These findings support a broader model wherein PINK1, through
mitophagy-induced metabolic reprogramming, facilitates both energy
production and the acquisition of aggressive phenotypes that drive
breast cancer progression.
Glycolytic activation by PINK1
promotes invasion
To further elucidate the link between PINK1-induced
metabolic rewiring and invasive potential, Transwell invasion
assays were conducted in both MCF-7 and MDA-MB-231 breast cancer
cells under three experimental conditions: Vector control, PINK1-OE
and PINK1-OE + siPGK2. As shown in Fig. 13, PINK1 overexpression
significantly enhanced the invasive capacity of both MCF-7 and
MDA-MB-231 cells compared with the vector group. Quantitative
analysis demonstrated a significant increase in the number of
invasive cells upon PINK1-OE, confirming that PINK1 promotes cell
invasion. Notably, co-transfection with siPGK2 markedly reduced
this invasive phenotype, indicating that PGK2 may be essential for
PINK1-mediated invasion. In MCF-7 cells, PINK1-OE nearly doubled
the number of invasive cells compared with the control, while PGK2
knock down partially reversed this effect. A similar trend was
observed in MDA-MB-231 cells, where PGK2 knockdown diminished
PINK1-induced invasion.
These findings provide functional evidence that
PINK1 may promote breast cancer invasiveness through PGK2-dependent
glycolytic activation. By linking mitophagy and metabolic
reprogramming, the PINK1-PGK2 axis supplies the energy and
biosynthetic capacity required for tumor invasion and metastasis.

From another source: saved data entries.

(* Let $0\leq\nu<\frac12$. Then for all $x>0$, \[ \Big(\frac{x}{x+\frac12-\nu}\Big)^{\nu+\frac12}<\sqrt{\frac{2x}{\pi}}\,\mathrm{e}^{x}K_\nu(x)<1 . \]
   Context: $K_\nu$ denotes the modified Bessel function of the second kind. *)

theory Defs
  imports "HOL-Analysis.Analysis"
begin

text \<open>Modified Bessel function of the second kind, via the standard integral
representation K_nu(x) = integral over t in [0,infinity) of exp(-x cosh t) cosh(nu t),
valid for x > 0 and all real nu.\<close>
definition besselK :: "real \<Rightarrow> real \<Rightarrow> real" where
  "besselK \<nu> x = (LINT t:{0..}|lborel. exp (- x * cosh t) * cosh (\<nu> * t))"

end

theory Submission
  imports Defs "HOL-Probability.Distributions" "HOL-Real_Asymp.Real_Asymp"
begin

text \<open>
  For x > 0, K_\<nu>(x) is the integral over t > 0 of e^(-x cosh t) cosh(\<nu> t), and
  K_(1/2)(x) = sqrt(\<pi>/(2x)) e^(-x) is elementary; both bounds compare K_\<nu> with K_(1/2).
  The upper bound is the pointwise inequality cosh(\<nu> t) < cosh(t/2). For the lower bound,
  the decrease of ln cosh s / s^2 and the concavity of ln give
  cosh(\<nu> t) > cosh(t/2) A(t)^(-(\<nu>+1/2)) with A(t) = 2\<nu> + (1-2\<nu>) cosh t. Under the
  probability density proportional to e^(-x cosh t) cosh(t/2), cosh t has mean 1 + 1/(2x), so
  A has mean 1 + (1/2-\<nu>)/x, and Jensen's inequality for the convex map A \<mapsto> A^(-(\<nu>+1/2)),
  applied through its tangent line at the mean, gives the lower bound.
\<close>

lemma sinh_real_ge_self:
  fixes s :: real
  assumes "0 \<le> s"
  shows "s \<le> sinh s"
proof -
  have "(\<lambda>u. sinh u - u) 0 \<le> (\<lambda>u. sinh u - u) s"
  proof (rule DERIV_nonneg_imp_nondecreasing[OF assms])
    fix u :: real
    show "\<exists>y. DERIV (\<lambda>u. sinh u - u) u :> y \<and> y \<ge> 0"
      using cosh_real_ge_1[of u] by (intro exI[of _ "cosh u - 1"]) (auto intro!: derivative_eq_intros)
  qed
  then show ?thesis by simp
qed

lemma mult_tanh_le_2_ln_cosh:
  fixes s :: real
  assumes "0 \<le> s"
  shows "s * tanh s \<le> 2 * ln (cosh s)"
proof -
  let ?p = "\<lambda>u::real. u * tanh u - 2 * ln (cosh u)"
  have "?p s \<le> ?p 0"
  proof (rule DERIV_nonpos_imp_nonincreasing[OF assms])
    fix u :: real
    assume u: "0 \<le> u"
    have cosh_pos: "cosh u > 0"
      by (simp add: cosh_real_pos)
    have "DERIV ?p u :> tanh u + u * (1 - tanh u ^ 2) - 2 * (1 / cosh u * sinh u)"
      using cosh_pos by (auto intro!: derivative_eq_intros)
    also have "1 - tanh u ^ 2 = 1 / (cosh u)\<^sup>2"
      using cosh_pos by (simp add: tanh_def power_divide sinh_square_eq field_simps)
    also have "tanh u + u * (1 / (cosh u)\<^sup>2) - 2 * (1 / cosh u * sinh u)
             = (u - sinh u * cosh u) / (cosh u)\<^sup>2"
      using cosh_pos by (simp add: tanh_def field_simps power2_eq_square)
    finally have deriv: "DERIV ?p u :> (u - sinh u * cosh u) / (cosh u)\<^sup>2" .
    have "u \<le> sinh u * cosh u"
      using sinh_real_ge_self[OF u] u cosh_real_ge_1[of u]
      by (smt (verit) mult_le_cancel_left1 sinh_real_nonneg_iff)
    with deriv show "\<exists>y. DERIV ?p u :> y \<and> y \<le> 0"
      by (intro exI[of _ "(u - sinh u * cosh u) / (cosh u)\<^sup>2"]) (simp add: divide_nonpos_pos)
  qed
  then show ?thesis by simp
qed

This underscores the potential of targeting PINK1-mediated
metabolic pathways as a therapeutic approach for aggressive breast
cancer subtypes.
PINK1-PGK2 axis elevates the levels of
glycolytic metabolites
Given the possible role of PINK1 in driving
glycolysis and invasion via PGK2, it was next examined how this
regulatory axis may influence key metabolic intermediates,
particularly acetyl-CoA. Acetyl-CoA is central to metabolism,
linking glycolysis to the tricarboxylic acid (TCA) cycle while
serving as a critical molecule for energy production and
biosynthesis; it fuels the TCA cycle for ATP generation and
supports processes such as fatty acid synthesis and protein
acetylation, which affect gene expression and cellular growth.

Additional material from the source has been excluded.